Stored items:
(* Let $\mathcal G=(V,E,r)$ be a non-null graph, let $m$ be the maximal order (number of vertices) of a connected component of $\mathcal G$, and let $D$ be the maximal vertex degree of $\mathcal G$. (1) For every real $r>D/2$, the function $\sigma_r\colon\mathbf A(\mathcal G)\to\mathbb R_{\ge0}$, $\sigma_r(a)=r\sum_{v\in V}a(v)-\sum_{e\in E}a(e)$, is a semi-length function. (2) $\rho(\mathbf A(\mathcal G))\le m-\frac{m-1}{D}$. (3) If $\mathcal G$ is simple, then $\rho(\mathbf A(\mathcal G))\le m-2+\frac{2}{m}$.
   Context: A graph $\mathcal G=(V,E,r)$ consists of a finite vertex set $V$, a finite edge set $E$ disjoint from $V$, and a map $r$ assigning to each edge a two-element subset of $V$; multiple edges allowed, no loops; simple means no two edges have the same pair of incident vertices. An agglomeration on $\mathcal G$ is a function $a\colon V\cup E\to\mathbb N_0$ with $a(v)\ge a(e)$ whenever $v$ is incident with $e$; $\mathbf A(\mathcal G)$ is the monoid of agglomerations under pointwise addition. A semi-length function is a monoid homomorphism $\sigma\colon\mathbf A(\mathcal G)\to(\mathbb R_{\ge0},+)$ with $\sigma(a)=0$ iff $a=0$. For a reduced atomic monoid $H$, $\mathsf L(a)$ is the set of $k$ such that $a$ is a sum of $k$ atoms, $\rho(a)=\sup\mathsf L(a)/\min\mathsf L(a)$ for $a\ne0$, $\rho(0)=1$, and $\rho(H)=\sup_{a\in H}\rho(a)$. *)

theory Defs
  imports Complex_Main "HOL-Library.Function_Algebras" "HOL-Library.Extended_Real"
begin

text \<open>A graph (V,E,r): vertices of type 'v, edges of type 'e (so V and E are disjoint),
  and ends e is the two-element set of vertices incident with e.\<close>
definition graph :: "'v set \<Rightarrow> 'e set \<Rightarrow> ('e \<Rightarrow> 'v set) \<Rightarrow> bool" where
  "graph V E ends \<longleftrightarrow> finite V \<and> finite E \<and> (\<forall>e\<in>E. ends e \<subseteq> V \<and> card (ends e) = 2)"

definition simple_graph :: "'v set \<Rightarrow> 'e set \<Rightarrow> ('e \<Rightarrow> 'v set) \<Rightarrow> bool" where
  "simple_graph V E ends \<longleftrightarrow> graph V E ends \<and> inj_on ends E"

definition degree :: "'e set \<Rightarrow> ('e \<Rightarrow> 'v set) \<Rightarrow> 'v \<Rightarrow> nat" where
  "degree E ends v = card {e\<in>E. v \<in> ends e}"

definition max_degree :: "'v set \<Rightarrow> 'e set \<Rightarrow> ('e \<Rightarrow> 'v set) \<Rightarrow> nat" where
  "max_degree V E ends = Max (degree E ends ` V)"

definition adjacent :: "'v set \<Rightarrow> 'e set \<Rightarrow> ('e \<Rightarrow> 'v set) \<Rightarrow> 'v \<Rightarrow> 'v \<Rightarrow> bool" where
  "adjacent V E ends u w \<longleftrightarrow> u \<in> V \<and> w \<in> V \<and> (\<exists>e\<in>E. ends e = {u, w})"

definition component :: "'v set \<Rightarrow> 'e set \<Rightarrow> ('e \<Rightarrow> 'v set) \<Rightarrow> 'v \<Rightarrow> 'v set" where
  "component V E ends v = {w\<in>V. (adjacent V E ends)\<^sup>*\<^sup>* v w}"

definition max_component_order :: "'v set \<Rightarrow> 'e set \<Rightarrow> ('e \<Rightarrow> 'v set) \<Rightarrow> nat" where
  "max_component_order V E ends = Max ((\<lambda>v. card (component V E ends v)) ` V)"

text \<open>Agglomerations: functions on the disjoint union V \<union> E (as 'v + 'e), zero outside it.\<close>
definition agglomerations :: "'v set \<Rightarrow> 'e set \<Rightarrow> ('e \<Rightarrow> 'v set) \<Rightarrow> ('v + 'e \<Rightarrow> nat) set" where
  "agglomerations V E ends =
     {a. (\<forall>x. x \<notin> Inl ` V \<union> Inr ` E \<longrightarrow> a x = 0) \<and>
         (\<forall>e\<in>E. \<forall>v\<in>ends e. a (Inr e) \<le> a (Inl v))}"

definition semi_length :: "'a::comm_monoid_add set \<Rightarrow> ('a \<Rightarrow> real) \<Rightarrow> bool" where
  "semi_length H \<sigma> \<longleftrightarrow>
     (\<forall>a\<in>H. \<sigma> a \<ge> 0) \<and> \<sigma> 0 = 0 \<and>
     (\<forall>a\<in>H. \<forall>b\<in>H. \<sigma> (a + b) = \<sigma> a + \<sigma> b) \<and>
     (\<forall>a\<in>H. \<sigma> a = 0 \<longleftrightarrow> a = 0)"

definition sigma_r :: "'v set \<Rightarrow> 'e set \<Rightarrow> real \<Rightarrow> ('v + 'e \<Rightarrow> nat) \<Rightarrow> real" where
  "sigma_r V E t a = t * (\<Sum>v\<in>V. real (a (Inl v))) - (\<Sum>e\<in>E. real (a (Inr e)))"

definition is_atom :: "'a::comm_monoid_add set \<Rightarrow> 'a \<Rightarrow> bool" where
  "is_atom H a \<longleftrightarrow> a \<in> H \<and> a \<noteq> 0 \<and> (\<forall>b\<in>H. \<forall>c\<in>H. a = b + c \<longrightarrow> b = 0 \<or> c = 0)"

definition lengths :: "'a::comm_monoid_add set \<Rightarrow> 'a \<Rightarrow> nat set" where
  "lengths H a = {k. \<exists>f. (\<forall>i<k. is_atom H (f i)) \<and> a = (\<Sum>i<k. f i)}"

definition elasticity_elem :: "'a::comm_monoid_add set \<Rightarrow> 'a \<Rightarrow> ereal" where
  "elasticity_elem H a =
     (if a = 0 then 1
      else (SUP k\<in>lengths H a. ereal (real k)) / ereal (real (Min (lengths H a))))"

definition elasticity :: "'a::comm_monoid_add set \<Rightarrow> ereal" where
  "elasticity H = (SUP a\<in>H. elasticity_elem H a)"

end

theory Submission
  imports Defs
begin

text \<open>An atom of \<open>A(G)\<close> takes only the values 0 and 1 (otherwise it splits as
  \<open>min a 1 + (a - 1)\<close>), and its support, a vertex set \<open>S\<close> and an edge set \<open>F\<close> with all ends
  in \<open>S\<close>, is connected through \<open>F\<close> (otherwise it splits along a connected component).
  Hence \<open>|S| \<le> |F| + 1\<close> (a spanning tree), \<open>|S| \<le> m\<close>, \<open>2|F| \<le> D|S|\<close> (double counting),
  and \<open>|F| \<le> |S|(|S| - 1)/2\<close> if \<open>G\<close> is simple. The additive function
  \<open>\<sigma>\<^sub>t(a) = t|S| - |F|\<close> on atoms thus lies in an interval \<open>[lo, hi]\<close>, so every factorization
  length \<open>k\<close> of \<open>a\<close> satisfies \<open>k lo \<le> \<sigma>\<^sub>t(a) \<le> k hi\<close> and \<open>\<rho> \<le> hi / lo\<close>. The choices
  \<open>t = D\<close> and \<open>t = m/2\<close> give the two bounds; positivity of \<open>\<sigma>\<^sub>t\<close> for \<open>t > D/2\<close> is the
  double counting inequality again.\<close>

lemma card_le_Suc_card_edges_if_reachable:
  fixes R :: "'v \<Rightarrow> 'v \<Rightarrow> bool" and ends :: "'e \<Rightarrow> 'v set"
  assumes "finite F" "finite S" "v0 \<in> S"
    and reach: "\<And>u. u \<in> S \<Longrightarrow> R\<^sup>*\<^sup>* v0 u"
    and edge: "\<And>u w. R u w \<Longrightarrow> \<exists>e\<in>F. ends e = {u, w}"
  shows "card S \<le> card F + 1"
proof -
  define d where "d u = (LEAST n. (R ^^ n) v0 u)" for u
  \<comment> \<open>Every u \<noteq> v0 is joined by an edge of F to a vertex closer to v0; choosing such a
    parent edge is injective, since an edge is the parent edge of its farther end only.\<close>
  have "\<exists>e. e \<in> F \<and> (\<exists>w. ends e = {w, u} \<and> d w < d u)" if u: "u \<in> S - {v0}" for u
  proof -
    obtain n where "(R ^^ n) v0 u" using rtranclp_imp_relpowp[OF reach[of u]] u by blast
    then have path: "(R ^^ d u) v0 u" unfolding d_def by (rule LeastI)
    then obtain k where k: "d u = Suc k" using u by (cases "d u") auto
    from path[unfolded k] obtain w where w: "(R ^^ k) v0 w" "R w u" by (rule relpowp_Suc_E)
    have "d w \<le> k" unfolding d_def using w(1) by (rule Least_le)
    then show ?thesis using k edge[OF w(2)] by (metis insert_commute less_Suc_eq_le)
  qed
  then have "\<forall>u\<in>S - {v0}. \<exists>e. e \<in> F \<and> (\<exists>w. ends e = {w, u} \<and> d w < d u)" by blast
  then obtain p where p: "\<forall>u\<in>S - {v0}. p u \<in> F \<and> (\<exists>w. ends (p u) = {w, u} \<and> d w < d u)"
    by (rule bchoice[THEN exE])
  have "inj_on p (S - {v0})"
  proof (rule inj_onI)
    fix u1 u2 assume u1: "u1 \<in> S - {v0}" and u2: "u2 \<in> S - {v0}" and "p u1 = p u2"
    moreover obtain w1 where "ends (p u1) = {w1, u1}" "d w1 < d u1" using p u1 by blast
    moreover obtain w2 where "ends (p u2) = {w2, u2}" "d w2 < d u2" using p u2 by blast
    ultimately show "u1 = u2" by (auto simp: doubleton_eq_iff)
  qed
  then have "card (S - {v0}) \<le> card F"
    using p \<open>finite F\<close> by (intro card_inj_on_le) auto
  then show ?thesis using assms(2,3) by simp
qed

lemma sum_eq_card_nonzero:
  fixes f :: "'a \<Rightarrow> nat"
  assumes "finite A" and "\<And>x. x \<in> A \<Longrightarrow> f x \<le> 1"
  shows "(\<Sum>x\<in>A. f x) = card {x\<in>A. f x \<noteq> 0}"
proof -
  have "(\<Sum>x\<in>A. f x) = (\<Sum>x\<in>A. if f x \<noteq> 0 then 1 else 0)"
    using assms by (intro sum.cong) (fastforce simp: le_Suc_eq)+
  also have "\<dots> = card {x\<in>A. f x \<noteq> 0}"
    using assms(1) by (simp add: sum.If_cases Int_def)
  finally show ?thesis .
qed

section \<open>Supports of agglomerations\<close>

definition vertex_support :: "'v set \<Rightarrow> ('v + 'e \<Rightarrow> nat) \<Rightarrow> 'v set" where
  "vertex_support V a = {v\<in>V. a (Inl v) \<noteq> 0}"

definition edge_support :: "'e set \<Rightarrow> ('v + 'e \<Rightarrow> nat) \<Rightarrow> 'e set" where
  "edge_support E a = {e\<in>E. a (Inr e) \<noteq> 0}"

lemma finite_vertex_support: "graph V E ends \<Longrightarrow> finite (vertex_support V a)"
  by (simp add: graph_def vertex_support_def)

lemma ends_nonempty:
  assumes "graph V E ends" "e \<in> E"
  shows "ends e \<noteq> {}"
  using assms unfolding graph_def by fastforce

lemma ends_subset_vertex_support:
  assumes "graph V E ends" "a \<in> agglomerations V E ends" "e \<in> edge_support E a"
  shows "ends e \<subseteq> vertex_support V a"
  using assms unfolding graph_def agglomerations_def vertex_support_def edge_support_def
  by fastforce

▶ [Assignment]: Show all lines above holding the word "ereal".

▶ [Solution to the problem]:
definition elasticity_elem :: "'a::comm_monoid_add set \<Rightarrow> 'a \<Rightarrow> ereal" where
      else (SUP k\<in>lengths H a. ereal (real k)) / ereal (real (Min (lengths H a))))"
definition elasticity :: "'a::comm_monoid_add set \<Rightarrow> ereal" where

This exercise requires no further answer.